Так как ранее было известно об участии белка Hpr1 в ассоциации Mex67p/Nxf1 с мРНП-частицей, мы попытались сравнить вклады комплексов ORC и TREX в ассоциацию Nxf1 с мРНК. Для этого была проведена иммунопреципитация мРНК гена ras2 белками Nxf1, Xmas-2, Orc3-5 при истощении белка Hpr1. Наши результаты подтверждают, что истощение белка Hpr1 действительно вызывает значительное снижение уровня -ассоциации белка Nxf1 с мРНК гена ras2. Однако нокдаун Hpr1 также вызывает сильное падение ассоциации белков Xmas-2 и Orс3 с мРНК ras2 и несколько менее существенное снижение для других субъединиц ORC. Вероятно, этот эффект связан с тем, что истощение Hpr1 приводит к нарушению работы комплекса TREX в элонгации транскрипции и формировании мРНП-частицы на ранних этапах.
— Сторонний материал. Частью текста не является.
(* If the semigroup $\mathbb NA$ is scored, then for every $\boldsymbol\alpha\in\mathbb C^d$ the equivalence class $[\boldsymbol\alpha]$ is extreme.
   Context: $A\subset\mathbb Z^d$ is a finite set generating the group $\mathbb Z^d$; $\mathbb NA$ its monoid. For a facet $\sigma$ of the cone $\mathbb R_{\ge0}A$, $F_\sigma$ is the unique linear form (extended $\mathbb C$-linearly) with $F_\sigma(\mathbb R_{\ge0}A)\ge0$, $F_\sigma(\sigma)=0$, $F_\sigma(\mathbb Z^d)=\mathbb Z$. $\mathbb NA$ is scored if $\mathbb NA=\bigcap_{\sigma\text{ facet}}\{\mathbf a\in\mathbb Z^d:F_\sigma(\mathbf a)\in F_\sigma(\mathbb NA)\}$. For a face $\tau$, $E_\tau(\boldsymbol\alpha)=\{\boldsymbol\lambda\in\mathbb C(A\cap\tau)/\mathbb Z(A\cap\tau):\boldsymbol\alpha-\boldsymbol\lambda\in\mathbb NA+\mathbb Z(A\cap\tau)\}$, called full if it has $[\mathbb Q(A\cap\tau)\cap\mathbb Z^d:\mathbb Z(A\cap\tau)]$ elements; $\boldsymbol\alpha\sim\boldsymbol\beta$ iff $E_\tau(\boldsymbol\alpha)=E_\tau(\boldsymbol\beta)$ for all faces, $[\boldsymbol\alpha]$ the class. $\mathcal F_+(\boldsymbol\alpha)=\{\sigma:F_\sigma(\boldsymbol\alpha)\in F_\sigma(\mathbb NA)\}$. ${\rm Face}(\boldsymbol\alpha)$ is the set of faces $\tau$ such that $\boldsymbol\alpha-\boldsymbol\lambda\in\mathbb Z^d$ for some $\boldsymbol\lambda\in\mathbb C(A\cap\tau)$ and every facet containing $\tau$ lies in $\mathcal F_+(\boldsymbol\alpha)$. $[\boldsymbol\alpha]$ is extreme if $E_\tau(\boldsymbol\alpha)$ is full for all $\tau\in{\rm Face}(\boldsymbol\alpha)$ and empty for all $\tau\notin{\rm Face}(\boldsymbol\alpha)$. *)

theory Defs
  imports "HOL-Analysis.Analysis"
begin

text \<open>Ambient lattice Z^d is int^'d; the dimension d is the cardinality of the finite type 'd.\<close>

definition rvec :: "int^'d \<Rightarrow> real^'d" where
  "rvec z = (\<chi> i. real_of_int (z$i))"

definition cvec :: "int^'d \<Rightarrow> complex^'d" where
  "cvec z = (\<chi> i. complex_of_int (z$i))"

definition monoidN :: "(int^'d) set \<Rightarrow> (int^'d) set" where
  "monoidN A = {\<Sum>a\<in>A. int (n a) *s a | n. True}"

definition zspan :: "(int^'d) set \<Rightarrow> (int^'d) set" where
  "zspan B = {\<Sum>a\<in>B. k a *s a | k. True}"

definition cspan :: "(int^'d) set \<Rightarrow> (complex^'d) set" where
  "cspan B = {\<Sum>a\<in>B. c a *s cvec a | c. True}"

definition qspan :: "(int^'d) set \<Rightarrow> (real^'d) set" where
  "qspan B = {\<Sum>a\<in>B. q a *\<^sub>R rvec a | q. \<forall>a\<in>B. q a \<in> \<rat>}"

definition cone_of :: "(int^'d) set \<Rightarrow> (real^'d) set" where
  "cone_of A = {\<Sum>a\<in>A. c a *\<^sub>R rvec a | c. \<forall>a\<in>A. 0 \<le> c a}"

definition faces :: "(int^'d) set \<Rightarrow> (real^'d) set set" where
  "faces A = {\<tau>. \<tau> face_of cone_of A \<and> \<tau> \<noteq> {}}"

definition facets :: "(int^'d) set \<Rightarrow> (real^'d) set set" where
  "facets A = {\<sigma>. \<sigma> face_of cone_of A \<and> \<sigma> \<noteq> {} \<and>
                  aff_dim \<sigma> = aff_dim (cone_of A) - 1}"

definition facet_form :: "(int^'d) set \<Rightarrow> (real^'d) set \<Rightarrow> real^'d" where
  "facet_form A \<sigma> = (THE w. (\<forall>x\<in>cone_of A. 0 \<le> w \<bullet> x) \<and> (\<forall>x\<in>\<sigma>. w \<bullet> x = 0)
                        \<and> (\<lambda>z. w \<bullet> rvec z) ` UNIV = \<int>)"

definition Fc :: "(int^'d) set \<Rightarrow> (real^'d) set \<Rightarrow> complex^'d \<Rightarrow> complex" where
  "Fc A \<sigma> \<alpha> = (\<Sum>i\<in>UNIV. complex_of_real (facet_form A \<sigma> $ i) * \<alpha> $ i)"

definition scored :: "(int^'d) set \<Rightarrow> bool" where
  "scored A \<longleftrightarrow> monoidN A =
     {z. \<forall>\<sigma>\<in>facets A. Fc A \<sigma> (cvec z) \<in> (\<lambda>a. Fc A \<sigma> (cvec a)) ` monoidN A}"

definition Fplus :: "(int^'d) set \<Rightarrow> complex^'d \<Rightarrow> (real^'d) set set" where
  "Fplus A \<alpha> = {\<sigma>\<in>facets A. Fc A \<sigma> \<alpha> \<in> (\<lambda>a. Fc A \<sigma> (cvec a)) ` monoidN A}"

definition Atau :: "(int^'d) set \<Rightarrow> (real^'d) set \<Rightarrow> (int^'d) set" where
  "Atau A \<tau> = {a\<in>A. rvec a \<in> \<tau>}"

text \<open>The index [Q(A\<inter>tau) \<inter> Z^d : Z(A\<inter>tau)], as the number of cosets.\<close>
definition lattice_index :: "(int^'d) set \<Rightarrow> (real^'d) set \<Rightarrow> nat" where
  "lattice_index A \<tau> =
     card {(\<lambda>x. y + x) ` zspan (Atau A \<tau>) | y. rvec y \<in> qspan (Atau A \<tau>)}"

definition Eset :: "(int^'d) set \<Rightarrow> (real^'d) set \<Rightarrow> complex^'d \<Rightarrow> (complex^'d) set set" where
  "Eset A \<tau> \<alpha> = {(\<lambda>x. l + cvec x) ` zspan (Atau A \<tau>) | l.
       l \<in> cspan (Atau A \<tau>) \<and>
       \<alpha> - l \<in> cvec ` {m + z | m z. m \<in> monoidN A \<and> z \<in> zspan (Atau A \<tau>)}}"

definition full :: "(int^'d) set \<Rightarrow> (real^'d) set \<Rightarrow> complex^'d \<Rightarrow> bool" where
  "full A \<tau> \<alpha> \<longleftrightarrow> card (Eset A \<tau> \<alpha>) = lattice_index A \<tau>"

definition Face :: "(int^'d) set \<Rightarrow> complex^'d \<Rightarrow> (real^'d) set set" where
  "Face A \<alpha> = {\<tau>\<in>faces A. (\<exists>l\<in>cspan (Atau A \<tau>). \<alpha> - l \<in> range cvec) \<and>
                     (\<forall>\<sigma>\<in>facets A. \<tau> \<subseteq> \<sigma> \<longrightarrow> \<sigma> \<in> Fplus A \<alpha>)}"

text \<open>[alpha] is extreme (the defining condition is phrased via the representative alpha).\<close>
definition extreme :: "(int^'d) set \<Rightarrow> complex^'d \<Rightarrow> bool" where
  "extreme A \<alpha> \<longleftrightarrow> (\<forall>\<tau>\<in>Face A \<alpha>. full A \<tau> \<alpha>) \<and>
                     (\<forall>\<tau>\<in>faces A - Face A \<alpha>. Eset A \<tau> \<alpha> = {})"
Из всех выше описанных результатов можно сделать вывод, что комплекс ORC действительно взаимодействует с мРНК и белковыми компонентами мРНП-частицы и, более того, участвует в ассоциации Nxf1 с мРНК. Поэтому нами было сделано предположение, что ORC-комплекс может непосредственно участвовать в экспорте мРНК. Методом флуоресцентной гибридизации in situ мРНК гена ras2 при нокдауне Orc3 или Orc5 в клеточной линии S2 D.melanogaster мы выявили, что истощение субъединиц ORC вызывает накопление значительной части мРНК ras2 в ядре. Таким образом, мы подтвердили наше предположение о зависимости ядерного экспорта мРНК от комплекса ORC на примере мРНК гена ras2.
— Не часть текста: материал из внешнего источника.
(* Let $n\ge3$ and $\tau\in\mathbb{C}^\times$. With $\Delta$ as in the context, $$\prod_{\mu=2}^{n-2}(x_\mu-z_1\tau)\,\Delta(z_1\tau^{-1},x_2,\dots,x_{n-2}\,|\,z_1\tau^{-n},z_2,\dots,z_n)=\prod_{\mu=2}^{n-2}(x_\mu-z_1\tau^{-1})\,\Delta(z_1\tau,x_2,\dots,x_{n-2}\,|\,z_1\tau^{n},z_2,\dots,z_n).$$
   Context: For $\lambda\ge1$, $A_\lambda(x|z_1,\dots,z_n)=\sum_{\kappa=0}^{\lambda}(-1)^\kappa x^{\lambda-\kappa}\big(\tau^{n(\lambda-\kappa)+\kappa}-\tau^{-n(\lambda-\kappa)-\kappa}\big)\sigma_\kappa(z_1,\dots,z_n)$, where $\sigma_\kappa$ is the $\kappa$-th elementary symmetric polynomial ($\sigma_\kappa=0$ for $\kappa>n$), and $\Delta(x_1,\dots,x_{n-2}|z_1,\dots,z_n)=\det\big(A_\lambda(x_\mu|z_1,\dots,z_n)\big)_{1\le\lambda,\mu\le n-2}$. *)

theory Defs
  imports Complex_Main "Jordan_Normal_Form.Determinant"
begin

definition esym :: "nat \<Rightarrow> nat \<Rightarrow> (nat \<Rightarrow> complex) \<Rightarrow> complex" where
  "esym n k z = (\<Sum>S\<in>{S. S \<subseteq> {1..n} \<and> card S = k}. \<Prod>i\<in>S. z i)"

definition Apoly :: "complex \<Rightarrow> nat \<Rightarrow> nat \<Rightarrow> complex \<Rightarrow> (nat \<Rightarrow> complex) \<Rightarrow> complex" where
  "Apoly \<tau> n lam x z = (\<Sum>\<kappa>=0..lam. (-1) ^ \<kappa> * x ^ (lam - \<kappa>) *
      (\<tau> powi (int n * int (lam - \<kappa>) + int \<kappa>) - \<tau> powi (- (int n * int (lam - \<kappa>)) - int \<kappa>))
      * esym n \<kappa> z)"

definition Delta :: "complex \<Rightarrow> nat \<Rightarrow> (nat \<Rightarrow> complex) \<Rightarrow> (nat \<Rightarrow> complex) \<Rightarrow> complex" where
  "Delta \<tau> n x z = det (mat (n - 2) (n - 2) (\<lambda>(i, j). Apoly \<tau> n (i + 1) (x (j + 1)) z))"

end

theory Submission
  imports Defs
begin

(* Write a = z_1, T = tau^n and let sigma' be the elementary symmetric functions of z_2..z_n.
   On each side, subtract the first column of the determinant from the others and multiply
   column mu by x_mu - a tau (resp. x_mu - a/tau): this absorbs the prefactor.  Splitting z_1
   off sigma writes A_lambda as a difference of the truncated sums
   sum_kappa (-1)^kappa y^(lambda-kappa) t^kappa sigma'_kappa for (t, y) = (tau, x T) and
   (1/tau, x/T).  After subtracting a T/tau (resp. a tau/T) times row lambda from row
   lambda+1, both first columns agree and every other entry of both sides becomes
   (x - a tau)(x - a/tau) H(x) for one and the same H; the row operations are unimodular. *)

definition esym_on :: "'i set \<Rightarrow> ('i \<Rightarrow> 'a::comm_semiring_1) \<Rightarrow> nat \<Rightarrow> 'a" where
  "esym_on A z k = (\<Sum>S\<in>{S. S \<subseteq> A \<and> card S = k}. \<Prod>i\<in>S. z i)"

lemma esym_on_Pow:
  "finite A \<Longrightarrow> esym_on A z k = (\<Sum>S\<in>Pow A. if card S = k then \<Prod>i\<in>S. z i else 0)"
  unfolding esym_on_def by (simp add: sum.inter_filter[symmetric] Collect_conj_eq Pow_def Int_commute)

lemma esym_on_0: "finite A \<Longrightarrow> esym_on A z 0 = 1"
proof -
  assume "finite A"
  then have "{S. S \<subseteq> A \<and> card S = 0} = {{}}"
    by (auto dest: finite_subset)
  then show ?thesis by (simp add: esym_on_def)
qed

lemma esym_on_insert:
  assumes "finite A" "a \<notin> A"
  shows "esym_on (insert a A) z (Suc k) = esym_on A z (Suc k) + z a * esym_on A z k"
proof -
  let ?g = "\<lambda>k S. if card S = k then \<Prod>i\<in>S. z i else 0"
  have "esym_on (insert a A) z (Suc k) = sum (?g (Suc k)) (Pow A) + sum (?g (Suc k)) (insert a ` Pow A)"
    unfolding esym_on_Pow[OF finite_insert[THEN iffD2, OF assms(1)]] Pow_insert
    by (rule sum.union_disjoint) (use assms in auto)
  also have "sum (?g (Suc k)) (insert a ` Pow A) = (\<Sum>S\<in>Pow A. ?g (Suc k) (insert a S))"
    by (subst sum.reindex) (use assms in \<open>auto intro!: inj_onI simp: o_def\<close>)
  also have "\<dots> = (\<Sum>S\<in>Pow A. z a * ?g k S)"
  proof (intro sum.cong refl)
    fix S assume "S \<in> Pow A"
    then have "finite S" "a \<notin> S" using assms finite_subset by auto
    then show "?g (Suc k) (insert a S) = z a * ?g k S" by simp
  qed
  finally show ?thesis
    by (simp add: esym_on_Pow assms sum_distrib_left)
qed

lemma esym_fun_upd_1:
  assumes "n \<ge> 1"
  shows "esym n k (z(1 := w)) = esym_on {2..n} z k + (if k = 0 then 0 else w * esym_on {2..n} z (k - 1))"
proof -
  have "{1..n} = insert 1 {2..n}" using assms by auto
  then have "esym n k (z(1 := w)) = esym_on (insert 1 {2..n}) (z(1 := w)) k"
    by (simp add: esym_def esym_on_def)
  moreover have "esym_on {2..n} (z(1 := w)) j = esym_on {2..n} z j" for j
    unfolding esym_on_def by (intro sum.cong prod.cong) auto
  ultimately show ?thesis
    by (cases k) (simp_all add: esym_on_0 esym_on_insert)
qed

definition char_sum :: "'a::comm_ring_1 \<Rightarrow> 'a \<Rightarrow> nat \<Rightarrow> (nat \<Rightarrow> 'a) \<Rightarrow> 'a" where
  "char_sum t y k s = (\<Sum>\<kappa>=0..k. (-1) ^ \<kappa> * y ^ (k - \<kappa>) * t ^ \<kappa> * s \<kappa>)"

definition char_sum_pred :: "'a::comm_ring_1 \<Rightarrow> 'a \<Rightarrow> nat \<Rightarrow> (nat \<Rightarrow> 'a) \<Rightarrow> 'a" where
  "char_sum_pred t y k s = (if k = 0 then 0 else char_sum t y (k - 1) s)"

lemma char_sum_pred_Suc [simp]: "char_sum_pred t y (Suc k) s = char_sum t y k s"
  by (simp add: char_sum_pred_def)

lemma char_sum_rec: "char_sum t y k s = y * char_sum_pred t y k s + (-1) ^ k * t ^ k * s k"
proof (cases k)
  case (Suc j)
  have "char_sum t y (Suc j) s
      = (\<Sum>\<kappa>=0..j. y * ((-1) ^ \<kappa> * y ^ (j - \<kappa>) * t ^ \<kappa> * s \<kappa>)) + (-1) ^ Suc j * t ^ Suc j * s (Suc j)"
    unfolding char_sum_def sum.atLeast0_atMost_Suc
    by (intro arg_cong2[where f = "(+)"] sum.cong refl) (auto simp: Suc_diff_le)
  then show ?thesis
    using Suc by (simp add: char_sum_def sum_distrib_left)
qed (simp add: char_sum_def char_sum_pred_def)

lemma char_sum_shift:
  "char_sum t y k (\<lambda>\<kappa>. s \<kappa> + (if \<kappa> = 0 then 0 else w * s (\<kappa> - 1)))
     = char_sum t y k s - w * t * char_sum_pred t y k s"
proof (cases k)
  case (Suc j)
  have "(\<Sum>\<kappa>=0..Suc j. (-1) ^ \<kappa> * y ^ (Suc j - \<kappa>) * t ^ \<kappa> * (if \<kappa> = 0 then 0 else w * s (\<kappa> - 1)))
      = (\<Sum>\<kappa>=0..j. (-1) ^ Suc \<kappa> * y ^ (j - \<kappa>) * t ^ Suc \<kappa> * (w * s \<kappa>))"
    by (subst sum.atLeast0_atMost_Suc_shift) simp
  also have "\<dots> = - (w * t * char_sum t y j s)"
    unfolding char_sum_def sum_distrib_left sum_negf[symmetric]
    by (intro sum.cong refl) (simp add: algebra_simps)
  finally show ?thesis
    using Suc by (simp add: char_sum_def distrib_left sum.distrib)
qed (simp add: char_sum_def char_sum_pred_def)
Поэтому в последующих экспериментах нами была проведена проверка влияния ORC на общий экспорт мРНК двумя альтернативными подходами. Было проанализировано влияние истощения белков ORC на общий экспорт мРНК методом флуоресцентной гибридизации in situ с использованием меченого Cy3 олиго-dT-зонда и на экспорт новосинтезированной РНК методом включения 5-этинилуридина во вновь синтезированную РНК. Оба использованных подхода показали сходные результаты. Действительно, истощение компонентов ORC (Orc3 или Orc5) приводило к значительным дефектам экспорта, как мРНК, так и новосинтезированной РНК в S2 клетках D.melanogaster.

Таким образом, в рамках диссертационной работы показано, что комплекс ORC принимает участие в экспорте мРНК и его субъединицы способствуют сборке комплекса мРНП-частицы у D. melanogaster. В частности, ORC взаимодействует с факторами экспорта мРНК, такими как комплекс TREX-2 и рецептором ядерной поры — Nxf1. Кроме того, истощение субъединиц ORC оказывает влияние на взаимодействие Nxf1 с мРНК и приводит к нарушению экспорта мРНК из ядра в цитоплазму.